On hot standby I faced with the similar problem.

The following simple query:

SELECT array_to_json(array_agg(t)) from (
    select *
        from     main.message m
            join main.message_instance mi on m.message_id = mi.message_id
            join main.channel_type ct on mi.channel_type_id =
ct.channel_type_id
        where   m.user_id = 2152595
            and ct.name = 'android'
            and m.user_delete_ts is null
        order by
            case
                when read_ts is null then 0
                else 1
            end,
            m.message_id desc
        limit 100
    ) t;

is planned 4.940 ms on master and *254.741* ms on standby. I tried to
investigate the reasons of so long planning on replica and determined
that index accesses on planning stage come to multiple heap scans.
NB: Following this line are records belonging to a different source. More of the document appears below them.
lemma bounded_on_rectangle:
  fixes f :: "real \<Rightarrow> real \<Rightarrow> real"
  assumes "continuous_on UNIV (\<lambda>(x, y). f x y)"
  obtains C where "\<And>x y. x \<in> {a..b} \<Longrightarrow> y \<in> {c..d} \<Longrightarrow> \<bar>f x y\<bar> \<le> C"
proof -
  have "compact ((\<lambda>(x, y). f x y) ` ({a..b} \<times> {c..d}))"
    by (intro compact_continuous_image continuous_on_subset[OF assms] compact_Times) auto
  then obtain C where "\<forall>z \<in> (\<lambda>(x, y). f x y) ` ({a..b} \<times> {c..d}). norm z \<le> C"
    using compact_imp_bounded bounded_iff by metis
  then show ?thesis using that[of C] by force
qed

text \<open>A single constant dominating all fields on \<open>[0, \<pi>] \<times> [t - 1, t + 1]\<close>, with the linear
  growth in \<open>s\<close> allowed by \<open>eta_regular\<close>; it supplies the integrable majorants needed to
  differentiate \<open>F1\<close> at \<open>t\<close>.\<close>

definition solution_bound :: "real \<Rightarrow> (real \<Rightarrow> real \<Rightarrow> real) \<Rightarrow> (real \<Rightarrow> real \<Rightarrow> real) \<Rightarrow>
    (real \<Rightarrow> real \<Rightarrow> real \<Rightarrow> real) \<Rightarrow> real \<Rightarrow> bool" where
  "solution_bound B phi theta eta t \<longleftrightarrow>
     (\<forall>x\<in>{0..pi}. \<forall>\<tau>\<in>{t-1..t+1}. \<forall>s\<ge>0.
        \<bar>theta x \<tau>\<bar> \<le> B * (1 + s) \<and> \<bar>dt theta x \<tau>\<bar> \<le> B * (1 + s) \<and>
        \<bar>dt phi x \<tau>\<bar> \<le> B * (1 + s) \<and> \<bar>eta x \<tau> s\<bar> \<le> B * (1 + s) \<and>
        \<bar>dx (slice eta s) x \<tau>\<bar> \<le> B * (1 + s) \<and> \<bar>dx (dx (slice eta s)) x \<tau>\<bar> \<le> B * (1 + s) \<and>
        \<bar>dt (slice eta s) x \<tau>\<bar> \<le> B * (1 + s) \<and> \<bar>ds eta x \<tau> s\<bar> \<le> B * (1 + s))"
(* Let $A$ be a symmetric positive definite real $2\times 2$ matrix, $G=\begin{pmatrix}a&b\\ c&d\end{pmatrix}$ a real matrix, and $S=\begin{pmatrix}s_{11}& s_{12}\\ s_{12}& s_{22}\end{pmatrix}$ a fixed real symmetric matrix such that $SG+G^TS=2SAS$ and $\mathrm{trace}(G-AS)=0$ (so that $\tilde Gz=Sz+(G-AS)z$ is a SOHHD), let $\Phi(x,y)=\frac12(s_{11}x^2+2s_{12}xy+s_{22}y^2)$ and $\mu=e^{2\Phi(x,y)}dxdy$. For $z=(x,y)\in {\mathbb R}^2$ let $$ \mathbf{P}(z)= Gz+\mathbf{H}(z)= (ax+by,cx+dy)+\mathbf{H}(x,y), $$ where $$ \mathbf{H}(x,y)=(\alpha_{0,0}+\alpha_{2,0}x^{2}+\alpha_{2,1}xy+\alpha_{2,2}y^{2},\beta_{0,0}+\beta_{2,0}x^{2}+\beta_{2,1}xy+\beta_{2,2}y^{2}) $$ with real coefficients. Then: (i) The following are equivalent: the system \[ \begin{cases} s_{11}\alpha_{2,0}+s_{12}\beta_{2,0}=0, \\ s_{12}\alpha_{2,2}+s_{22}\beta_{2,2}=0, \\ s_{11}\alpha_{2,2}+s_{12}\alpha_{2,1}+s_{12}\beta_{2,2}+s_{22}\beta_{2,1} =0, \\ s_{11} \alpha_{2,1}+s_{12}\alpha_{2,0}+s_{12}\beta_{2,1}+s_{22}\beta_{2,0} =0, \\ s_{11}\alpha_{0,0}+s_{12}\beta_{0,0}+\alpha_{2,0}+\frac{\beta_{2,1}}{2}=0, \\ s_{12}\alpha_{0,0}+s_{22}\beta_{0,0}+\beta_{2,2} +\frac{\alpha_{2,1}}{2}=0 \end{cases} \] holds; $\mathrm{div}_{\mu}(\mathbf{H})=0$; $\langle \nabla \Phi, \mathbf{H} \rangle +\frac 12\mathrm{div} \mathbf{H}= 0$; $\mu$ is an infinitesimally invariant measure for $\big (\frac{1}{2} \mathrm{trace}(A\nabla^2) + \langle \mathbf{P}, \nabla \cdot \rangle, C_0^{\infty}({\mathbb R}^2)\big )$. Moreover, in any of these cases the decomposition \begin{eqnarray*} \tilde{\mathbf{P}}(z) :=Sz+\mathbf{P}(z)-ASz=\nabla \Phi(x,y)+(G-AS)\begin{pmatrix}x\\ y \end{pmatrix}+\mathbf{H}(x,y) \end{eqnarray*} is a SOHHD if and only if $\alpha_{2,0}=-\frac{\beta_{2,1}}{2}$ and $\beta_{2,2} =-\frac{\alpha_{2,1}}{2}$.\\ (ii) Suppose that $\mu$ is infinitesimally invariant for $(\frac{1}{2} \mathrm{trace}(A\nabla^2) + \langle \mathbf{P}, \nabla \cdot \rangle, C_0^{\infty}({\mathbb R}^2))$. Then $\mu$ is infinitesimally invariant for $(L, C_0^{\infty}({\mathbb R}^2))$, where $L$ is any of $\frac{1}{2} \mathrm{trace}(A\nabla^2) + \langle Gz, \nabla \cdot \rangle$, $\frac12\Delta+\langle Sz,\nabla\cdot\rangle$, $\frac12\Delta+\langle \tilde Gz,\nabla\cdot\rangle$, $\frac12\Delta+\langle \tilde{\mathbf P},\nabla\cdot\rangle$.
   Context: $\mathrm{div}_\mu(\mathbf H)=0$ means $\int\langle\mathbf H,\nabla f\rangle\,d\mu=0$ for all $f\in C_0^\infty(\mathbb R^2)$. SOHHD of a continuous field: $\nabla\Phi+\mathbf B$ with $\Phi,\mathbf B\in C^1$, $\mathrm{div}\,\mathbf B=0$ and $\langle\nabla\Phi,\mathbf B\rangle=0$ everywhere. Infinitesimal invariance of $\widehat\mu$ for $(L,C_0^\infty)$: $\int Lf\,d\widehat\mu=0$ for all $f\in C_0^\infty$. *)

theory Defs
  imports "HOL-Analysis.Analysis"
begin

text \<open>Points of the plane are vectors z :: real^2 with x = z$1, y = z$2.
  2x2 matrices are real^2^2, acting by *v.\<close>

definition sym_mat :: "real^2^2 \<Rightarrow> bool" where
  "sym_mat M \<longleftrightarrow> transpose M = M"

definition pos_def_mat :: "real^2^2 \<Rightarrow> bool" where
  "pos_def_mat M \<longleftrightarrow> (\<forall>v::real^2. v \<noteq> 0 \<longrightarrow> v \<bullet> (M *v v) > 0)"

definition pd :: "2 \<Rightarrow> (real^2 \<Rightarrow> real) \<Rightarrow> real^2 \<Rightarrow> real" where
  "pd i f z = frechet_derivative f (at z) (axis i 1)"

definition grad :: "(real^2 \<Rightarrow> real) \<Rightarrow> real^2 \<Rightarrow> real^2" where
  "grad f z = (\<chi> i. pd i f z)"

definition hess :: "(real^2 \<Rightarrow> real) \<Rightarrow> real^2 \<Rightarrow> real^2^2" where
  "hess f z = (\<chi> i j. pd j (pd i f) z)"

definition div_field :: "(real^2 \<Rightarrow> real^2) \<Rightarrow> real^2 \<Rightarrow> real" where
  "div_field B z = (\<Sum>i\<in>UNIV. pd i (\<lambda>w. B w $ i) z)"

fun Ck :: "nat \<Rightarrow> (real^2 \<Rightarrow> real) \<Rightarrow> bool" where
  "Ck 0 f \<longleftrightarrow> continuous_on UNIV f"
| "Ck (Suc k) f \<longleftrightarrow> continuous_on UNIV f \<and> (\<forall>z. f differentiable at z) \<and> (\<forall>i. Ck k (pd i f))"

definition C0_inf :: "(real^2 \<Rightarrow> real) set" where
  "C0_inf = {f. (\<forall>k. Ck k f) \<and> compact (closure {z. f z \<noteq> 0})}"

definition Lop :: "real^2^2 \<Rightarrow> (real^2 \<Rightarrow> real^2) \<Rightarrow> (real^2 \<Rightarrow> real) \<Rightarrow> real^2 \<Rightarrow> real" where
  "Lop A P f z = 1/2 * trace (A ** hess f z) + P z \<bullet> grad f z"

definition inf_invariant :: "(real^2) measure \<Rightarrow> ((real^2 \<Rightarrow> real) \<Rightarrow> real^2 \<Rightarrow> real) \<Rightarrow> bool" where
  "inf_invariant \<mu> L \<longleftrightarrow> (\<forall>f\<in>C0_inf. integral\<^sup>L \<mu> (L f) = 0)"

definition div_mu_zero :: "(real^2) measure \<Rightarrow> (real^2 \<Rightarrow> real^2) \<Rightarrow> bool" where
  "div_mu_zero \<mu> H \<longleftrightarrow> (\<forall>f\<in>C0_inf. integral\<^sup>L \<mu> (\<lambda>z. H z \<bullet> grad f z) = 0)"

definition C1_field :: "(real^2 \<Rightarrow> real^2) \<Rightarrow> bool" where
  "C1_field B \<longleftrightarrow> (\<forall>i. Ck 1 (\<lambda>z. B z $ i))"

text \<open>Strong orthogonal Helmholtz-Hodge decomposition \<nabla>\<Phi> + B.\<close>
definition is_SOHHD :: "(real^2 \<Rightarrow> real) \<Rightarrow> (real^2 \<Rightarrow> real^2) \<Rightarrow> bool" where
  "is_SOHHD Phi B \<longleftrightarrow> Ck 1 Phi \<and> C1_field B \<and> (\<forall>z. div_field B z = 0)
      \<and> (\<forall>z. grad Phi z \<bullet> B z = 0)"

end

theory Submission
  imports Defs "HOL-Computational_Algebra.Polynomial"
begin

(* With rho = exp (2 Phi) one has grad rho = 2 rho grad Phi. Hence, for a symmetric A and
   U = W - A grad Phi, the function rho (1/2 trace (A D^2 f) + <W, grad f>) is the divergence of the
   compactly supported field rho A grad f / 2 + rho f U minus f rho (div U + 2 <grad Phi, U>).
   Integrating, mu = rho dz is infinitesimally invariant for 1/2 trace (A D^2) + <W, grad> iff the
   continuous function div U + 2 <grad Phi, U> vanishes identically (test against smooth bumps).
   For the drifts of the theorem U is (G - A S) z plus H or 0. The linear part contributes nothing,
   since trace (G - A S) = 0 and <S z, (G - A S) z> = 0 by S G + G^T S = 2 S A S; for H the function
   is an odd cubic polynomial in (x, y) whose six coefficients are the six equations of the system. *)

section \<open>Partial derivatives and \<open>C\<^sup>1\<close> functions\<close>

lemma pd_eq_derivative: "(f has_derivative f') (at z) \<Longrightarrow> pd i f z = f' (axis i 1)"
  unfolding pd_def using frechet_derivative_at by metis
Here is the execution plan statistics of query above:

 Aggregate (actual time=0.641..0.642 rows=1 loops=1)
   Buffers: shared hit=14
   ->  Subquery Scan on t (actual time=0.337..0.360 rows=2 loops=1)
         Buffers: shared hit=14
         ->  Limit (actual time=0.292..0.301 rows=2 loops=1)
               Buffers: shared hit=14
               ->  Sort (actual time=0.287..0.291 rows=2 loops=1)
                     Sort Key: (CASE WHEN (m.read_ts IS NULL) THEN 0
ELSE 1 END), m.message_id DESC
                     Sort Method: quicksort  Memory: 27kB
                     Buffers: shared hit=14
                     ->  Nested Loop (actual time=0.157..0.219 rows=2
loops=1)
                           Buffers: shared hit=14
                           ->  Seq Scan on channel_type ct (actual
time=0.043..0.048 rows=1 loops=1)
                                 Filter: (name = 'android'::text)
                                 Rows Removed by Filter: 7
                                 Buffers: shared hit=1
                           ->  Nested Loop (actual time=0.098..0.148
rows=2 loops=1)
                                 Buffers: shared hit=13
                                 ->  Index Scan using
message_user_id_idx1 on message m (actual time=0.055..0.063 rows=2 loops=1)
                                       Index Cond: (user_id = 2152595)
                                       Buffers: shared hit=5
                                 ->  Index Scan using
message_instance_pkey on message_instance mi (actual time=0.026..0.029
rows=1 loops=2)
                                       Index Cond: ((message_id =
m.message_id) AND (channel_type_id = ct.channel_type_id))
                                       Buffers: shared hit=8

The 14 accesses to buffer cache under query execution. But
pg_statio_user_tables and pg_statio_user_indexes views show the
different picture:

select
    schemaname, relname, indexrelname, idx_blks_hit, idx_blks_read,
pg_size_pretty(pg_relation_size(indexrelid::regclass))
from pg_statio_user_indexes
where idx_blks_hit + idx_blks_read > 0;

 schemaname |     relname      |     indexrelname      | idx_blks_hit |
idx_blks_read | pg_size_pretty
------------+------------------+-----------------------+--------------+---------------+----------------
 main       | channel_type     | channel_type_pkey |            2
|             0 | 16 kB
 main       | message_instance | message_instance_pkey |          666
|             0 | 345 MB
 main       | message          | message_pkey |           56
|             0 | 53 MB
 main       | message          | message_user_id_idx1 |            3
|             0 | 17 MB

select
    schemaname, relname, heap_blks_read, heap_blks_hit
from pg_statio_user_tables
where heap_blks_read + heap_blks_hit + idx_blks_hit + idx_blks_read > 0;

 schemaname |     relname      | heap_blks_read | heap_blks_hit
------------+------------------+----------------+---------------
 main       | channel_type     |              0 |             3
 main       | message          |              0 |          8682
 main       | message_instance |              0 | 114922

(This experiment is carried out on test hot standby without parallel
activities and with cleared system statistics)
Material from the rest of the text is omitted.